La bataille juridique opposant le groupe russe Rosatom aux entreprises finlandaises Fortum et Outokumpu connaît un nouveau rebondissement judiciaire majeur. Initialement prévue en juin, l’audience devant le tribunal arbitral de Moscou vient d’être reportée au 16 mars 2026, selon les documents officiels déposés auprès de la cour. Le litige porte sur une somme colossale de 227,8 milliards de roubles, soit environ 2,9 milliards de dollars américains. Rosatom exige réparation suite à la rupture du contrat EPC (Engineering, Procurement and Construction), signé en 2013, pour la construction de la centrale nucléaire finlandaise Hanhikivi-1.
Origines du conflit
Le projet de construction de la centrale nucléaire Hanhikivi-1, d’un coût estimé entre 6,5 et 7 milliards d’euros, avait été annulé en mai 2022 par les parties finlandaises, invoquant des retards persistants et des risques géopolitiques exacerbés par le contexte international. L’annulation est intervenue peu après le déclenchement du conflit en Ukraine, ce qui a ajouté un facteur géopolitique sensible au dossier. Depuis lors, Rosatom accuse les sociétés finlandaises d’avoir violé les accords contractuels et actionnariaux, entraînant ainsi des pertes financières importantes.
Outokumpu, spécialiste finlandais de la sidérurgie, affirme de son côté n’avoir jamais été partie prenante directe du contrat de construction, se dégageant ainsi de toute responsabilité contractuelle directe vis-à-vis de Rosatom. Quant à Fortum, principal acteur du secteur énergétique finlandais, l’entreprise soutient qu’une décision rendue précédemment par la Cour internationale d’arbitrage a déjà exclu sa responsabilité dans cette affaire, une position qu’elle entend maintenir tout au long des procédures judiciaires à venir.
Enjeux financiers et juridiques majeurs
Les montants financiers au cœur de ce litige sont considérables. Rosatom réclame près de 3 milliards de dollars américains en compensation des dommages subis suite à l’annulation du contrat. De leur côté, Fortum et d’autres parties associées au projet, notamment Fennovoima, tentent également de récupérer environ 1,7 milliard d’euros déjà investis en amont de la construction, désormais interrompue. Cette bataille juridique complexe s’étend au-delà des frontières russes, impliquant plusieurs instances arbitrales internationales, notamment la Chambre de commerce internationale (CCI).

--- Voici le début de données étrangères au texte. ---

(* For $n\geq 1$, let $B_n(y,t)=\sum_{\sigma\in\mathcal{B}_n}y^{\mathsf{neg}\,\sigma}t^{\mathsf{des}_B\,\sigma}$. Then $$B_n(y, t)=(1+yt)^nP^{(\mathsf{cpk}, \mathsf{exc})}\left(\mathfrak{S}_n; \frac{(1+y)^2t}{(y+t)(1+yt)}, \frac{y+t}{1+yt}\right),$$ equivalently, $$P^{(\mathsf{cpk},\mathsf{exc})}\left(\mathfrak{S}_n; y,t\right)=\frac{1}{(1+uv)^{n}}B_{n}(u,v),$$ where $u=\frac{1+t^{2}-2yt-(1-t)\sqrt{(1+t)^{2}-4yt}}{2(1-y)t}$ and $v=\frac{(1+t)^{2}-2yt-(1+t)\sqrt{(1+t)^{2}-4yt}}{2yt}$.
   Context: $\mathcal{B}_n$ is the set of permutations $\sigma$ of $\{\pm1,\dots,\pm n\}$ with $\sigma(-i)=-\sigma(i)$; $\mathsf{neg}\,\sigma=\#\{i\in[n]:\sigma(i)<0\}$; $\mathsf{des}_B\,\sigma=\#\{i\in\{0,\dots,n-1\}:\sigma(i)>\sigma(i+1)\}$ with $\sigma(0)=0$ and the natural order. $\mathfrak{S}_n$ is the set of permutations of $[n]$; $P^{(\mathsf{cpk},\mathsf{exc})}(\mathfrak{S}_n;a,b)=\sum_{\sigma\in\mathfrak{S}_n}a^{\mathsf{cpk}\,\sigma}b^{\mathsf{exc}\,\sigma}$, where $\mathsf{exc}\,\sigma=\#\{i:\sigma(i)>i\}$ and $\mathsf{cpk}\,\sigma=\#\{x\in[n]:\sigma^{-1}(x)<x>\sigma(x)\}$. *)

theory Defs
  imports "HOL-Analysis.Analysis" "HOL-Combinatorics.Permutations"
begin

definition signed_perms :: "nat \<Rightarrow> (int \<Rightarrow> int) set" where
  "signed_perms n = {\<sigma>. \<sigma> permutes {i::int. i \<noteq> 0 \<and> \<bar>i\<bar> \<le> int n} \<and> (\<forall>i. \<sigma> (- i) = - \<sigma> i)}"

definition negB :: "nat \<Rightarrow> (int \<Rightarrow> int) \<Rightarrow> nat" where
  "negB n \<sigma> = card {i::int. 1 \<le> i \<and> i \<le> int n \<and> \<sigma> i < 0}"

text \<open>Type B descents, with \<open>\<sigma>(0) = 0\<close> (automatic, as 0 is fixed).\<close>
definition desB :: "nat \<Rightarrow> (int \<Rightarrow> int) \<Rightarrow> nat" where
  "desB n \<sigma> = card {i::int. 0 \<le> i \<and> i < int n \<and> \<sigma> i > \<sigma> (i + 1)}"

definition Bpoly :: "nat \<Rightarrow> real \<Rightarrow> real \<Rightarrow> real" where
  "Bpoly n y t = (\<Sum>\<sigma>\<in>signed_perms n. y ^ negB n \<sigma> * t ^ desB n \<sigma>)"

definition exc :: "nat \<Rightarrow> (nat \<Rightarrow> nat) \<Rightarrow> nat" where
  "exc n \<sigma> = card {i. 1 \<le> i \<and> i \<le> n \<and> \<sigma> i > i}"

definition cpk :: "nat \<Rightarrow> (nat \<Rightarrow> nat) \<Rightarrow> nat" where
  "cpk n \<sigma> = card {x. 1 \<le> x \<and> x \<le> n \<and> inv \<sigma> x < x \<and> \<sigma> x < x}"

definition P_cpk_exc :: "nat \<Rightarrow> real \<Rightarrow> real \<Rightarrow> real" where
  "P_cpk_exc n a b = (\<Sum>\<sigma>\<in>{\<sigma>. \<sigma> permutes {1..n}}. a ^ cpk n \<sigma> * b ^ exc n \<sigma>)"

end

theory Submission
  imports Defs "HOL-Combinatorics.Multiset_Permutations"
begin

text \<open>
  Both sides satisfy the same recurrence in \<open>n\<close>. Inserting \<open>n + 1\<close> into a permutation
  \<open>q\<close> of \<open>[n]\<close>, either as a fixed point or into a cycle just before some \<open>b\<close>, gives
  \<open>P\<^sub>n\<^sub>+\<^sub>1(a, b) = \<Sum>\<^sub>q a^cpk b^exc (1 + n a b + cpk (1 - a)(1 + b) + exc a (1 - b))\<close>.
  Inserting \<open>\<plusminus>(n + 1)\<close> anywhere into the window of a signed permutation gives
  \<open>B\<^sub>n\<^sub>+\<^sub>1 = (1 + y t + n (1 + y) t) B\<^sub>n + (1 + y)(1 - t) t B\<^sub>n'\<close>, the derivative in \<open>t\<close>
  accounting for the descents. Under the substitution \<open>a = (1 + y)\<^sup>2 t / ((y + t)(1 + y t))\<close>,
  \<open>b = (y + t) / (1 + y t)\<close> the operator \<open>(1 + y)(1 - t) t d/dt\<close> multiplies \<open>1 + y t\<close>, \<open>a\<close>
  and \<open>b\<close> by explicit factors, which turns the first recurrence into the second for
  \<open>G\<^sub>n = (1 + y t)\<^sup>n P\<^sub>n(a, b)\<close>. Since \<open>B\<^sub>n\<close> and \<open>G\<^sub>n\<close> agree on an open set, so do their
  derivatives, and induction gives \<open>B\<^sub>n = G\<^sub>n\<close>. The second identity follows because
  \<open>(u, v)\<close> inverts the substitution: \<open>u + v = t (1 + u v)\<close> and
  \<open>(1 + u)\<^sup>2 v = y (u + v)(1 + u v)\<close>.
\<close>

section \<open>Inserting the largest letter into a permutation\<close>

definition cyclic_peak :: "(nat \<Rightarrow> nat) \<Rightarrow> nat \<Rightarrow> bool" where
  "cyclic_peak q x \<longleftrightarrow> inv q x < x \<and> q x < x"

lemma cpk_eq_card_cyclic_peak: "cpk n q = card {x\<in>{1..n}. cyclic_peak q x}"
  unfolding cpk_def cyclic_peak_def by (rule arg_cong[where f = card]) auto

lemma exc_eq_card: "exc n q = card {i\<in>{1..n}. i < q i}"
  unfolding exc_def by (rule arg_cong[where f = card]) auto

text \<open>Composing \<open>q\<close> with the transposition of \<open>n + 1\<close> and \<open>b\<close> inserts \<open>n + 1\<close>
  into the cycle of \<open>q\<close> just before \<open>b\<close>.\<close>

lemma insert_before_apply:
  assumes q: "q permutes {1..n}" and b: "b \<in> {1..n}"
  defines "s \<equiv> Transposition.transpose (Suc n) b \<circ> q"
  shows "s (inv q b) = Suc n" "s (Suc n) = b" "\<And>x. x \<noteq> inv q b \<Longrightarrow> x \<noteq> Suc n \<Longrightarrow> s x = q x"
proof -
  have qN: "q (Suc n) = Suc n" using permutes_not_in[OF q] by simp
  have qz: "q (inv q b) = b" using permutes_inverses(1)[OF q] .
  show "s (inv q b) = Suc n" "s (Suc n) = b" using qz qN b by (auto simp: s_def)
  fix x assume "x \<noteq> inv q b" "x \<noteq> Suc n"
  then have "q x \<noteq> b" "q x \<noteq> Suc n"
    using qz qN permutes_inj[OF q] by (metis injD)+
  then show "s x = q x" by (simp add: s_def transpose_apply_other)
qed

lemma insert_before_permutes:
  assumes "q permutes {1..n}" "b \<in> {1..n}"
  shows "Transposition.transpose (Suc n) b \<circ> q permutes {1..Suc n}"
proof (rule permutes_compose)
  show "q permutes {1..Suc n}" using assms(1) by (rule permutes_subset) auto
  show "Transposition.transpose (Suc n) b permutes {1..Suc n}"
    using assms(2) by (intro permutes_swap_id) auto
qed

lemma insert_before_inv_apply:
  assumes q: "q permutes {1..n}" and b: "b \<in> {1..n}"
  defines "s \<equiv> Transposition.transpose (Suc n) b \<circ> q"
  shows "inv s b = Suc n" "inv s (Suc n) = inv q b" "\<And>x. x \<noteq> b \<Longrightarrow> x \<noteq> Suc n \<Longrightarrow> inv s x = inv q x"
proof -
  note s = insert_before_apply[OF q b, folded s_def]
  have sp: "s permutes {1..Suc n}" unfolding s_def using insert_before_permutes[OF q b] .
  show "inv s b = Suc n" "inv s (Suc n) = inv q b" using permutes_inv_eq[OF sp] s by auto
  fix x assume x: "x \<noteq> b" "x \<noteq> Suc n"
  have "inv q x \<noteq> inv q b" using x permutes_inv_eq[OF q] permutes_inverses(1)[OF q] by metis
  moreover have "inv q x \<noteq> Suc n" using x permutes_inv_eq[OF q] permutes_not_in[OF q] by force
  ultimately show "inv s x = inv q x"
    using s(3) permutes_inverses(1)[OF q] permutes_inv_eq[OF sp] by simp
qed

lemma cyclic_peaks_insert_before:
  assumes q: "q permutes {1..n}" and b: "b \<in> {1..n}"
  defines "s \<equiv> Transposition.transpose (Suc n) b \<circ> q"
  shows "{x\<in>{1..Suc n}. cyclic_peak s x}
    = insert (Suc n) ({x\<in>{1..n}. cyclic_peak q x} - {inv q b, b})"
proof (intro set_eqI iffI)
  note s_apply = insert_before_apply[OF q b, folded s_def]
    and s_inv = insert_before_inv_apply[OF q b, folded s_def]
  fix x
  assume x: "x \<in> {x\<in>{1..Suc n}. cyclic_peak s x}"
  show "x \<in> insert (Suc n) ({x\<in>{1..n}. cyclic_peak q x} - {inv q b, b})"
  proof (cases "x = Suc n")
    case False
    have "x \<noteq> inv q b" "x \<noteq> b" using x s_apply(1) s_inv(1) by (auto simp: cyclic_peak_def)
    then show ?thesis using x False s_apply(3) s_inv(3) by (auto simp: cyclic_peak_def)
  qed simp
next
  note s_apply = insert_before_apply[OF q b, folded s_def]
    and s_inv = insert_before_inv_apply[OF q b, folded s_def]
  fix x
  assume x: "x \<in> insert (Suc n) ({x\<in>{1..n}. cyclic_peak q x} - {inv q b, b})"
  have "inv q b \<in> {1..n}" using permutes_in_image[OF permutes_inv[OF q]] b by simp
  then have "cyclic_peak s (Suc n)" using s_apply(2) s_inv(2) b by (simp add: cyclic_peak_def)
  moreover have "cyclic_peak s x" if "x \<noteq> Suc n"
    using x that s_apply(3) s_inv(3) by (auto simp: cyclic_peak_def)
  ultimately show "x \<in> {x\<in>{1..Suc n}. cyclic_peak s x}" using x by auto
qed

lemma cpk_insert_before:
  assumes q: "q permutes {1..n}" and b: "b \<in> {1..n}"
  shows "cpk (Suc n) (Transposition.transpose (Suc n) b \<circ> q)
    = cpk n q + of_bool (\<not> cyclic_peak q b \<and> \<not> cyclic_peak q (inv q b))"
proof -
  define z where "z = inv q b"
  let ?P = "{x\<in>{1..n}. cyclic_peak q x}"
  have z: "z \<in> {1..n}" "q z = b"
    using permutes_in_image[OF permutes_inv[OF q]] b permutes_inverses(1)[OF q] by (auto simp: z_def)
  have "cpk (Suc n) (Transposition.transpose (Suc n) b \<circ> q) = Suc (card (?P - {z, b}))"
    unfolding cpk_eq_card_cyclic_peak cyclic_peaks_insert_before[OF q b, folded z_def]
    by (subst card_insert_disjoint) auto
  moreover have excl: "\<not> (cyclic_peak q z \<and> cyclic_peak q b)"
    using z by (auto simp: cyclic_peak_def z_def)
  consider "cyclic_peak q b" | "cyclic_peak q z" | "\<not> cyclic_peak q b" "\<not> cyclic_peak q z" by blast
  then have "Suc (card (?P - {z, b})) = card ?P + of_bool (\<not> cyclic_peak q b \<and> \<not> cyclic_peak q z)"
  proof cases
    case 1
    then have "?P - {z, b} = ?P - {b}" "b \<in> ?P" using excl b by auto
    then show ?thesis using 1 card_Suc_Diff1[of ?P b] by simp
  next
    case 2
    then have "?P - {z, b} = ?P - {z}" "z \<in> ?P" using excl z by auto
    then show ?thesis using 2 card_Suc_Diff1[of ?P z] by simp
  next
    case 3
    then have "?P - {z, b} = ?P" by auto
    then show ?thesis using 3 by simp
  qed
  ultimately show ?thesis unfolding cpk_eq_card_cyclic_peak[of n] z_def by simp
qed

Le report de l’audience pourrait avoir des implications importantes, ralentissant significativement le processus judiciaire en Russie tout en influençant le calendrier des arbitrages internationaux. Le tribunal arbitral de Moscou n’a pas détaillé les raisons spécifiques du report, mais ce délai supplémentaire pourrait permettre à toutes les parties de préparer plus soigneusement leurs arguments juridiques et financiers, étant donné l’ampleur et la complexité du dossier.
Répercussions potentielles pour le secteur
Au-delà du seul aspect juridique, l’issue de cette affaire pourrait influencer les futures relations commerciales et énergétiques entre la Russie et les pays européens, particulièrement dans le domaine nucléaire. Le secteur énergétique international suivra attentivement l’évolution de ce conflit, susceptible d’établir des précédents juridiques et contractuels en matière de grands projets nucléaires internationaux. De plus, ce différend pourrait avoir des conséquences indirectes sur les politiques énergétiques nationales, notamment en ce qui concerne les partenariats internationaux et la gestion du risque géopolitique dans les investissements énergétiques majeurs.
Le prolongement de ce dossier juridique pourrait donc amener les observateurs et les acteurs du secteur à réévaluer les termes et les conditions des futurs contrats d’envergure, notamment dans un contexte international incertain et mouvant.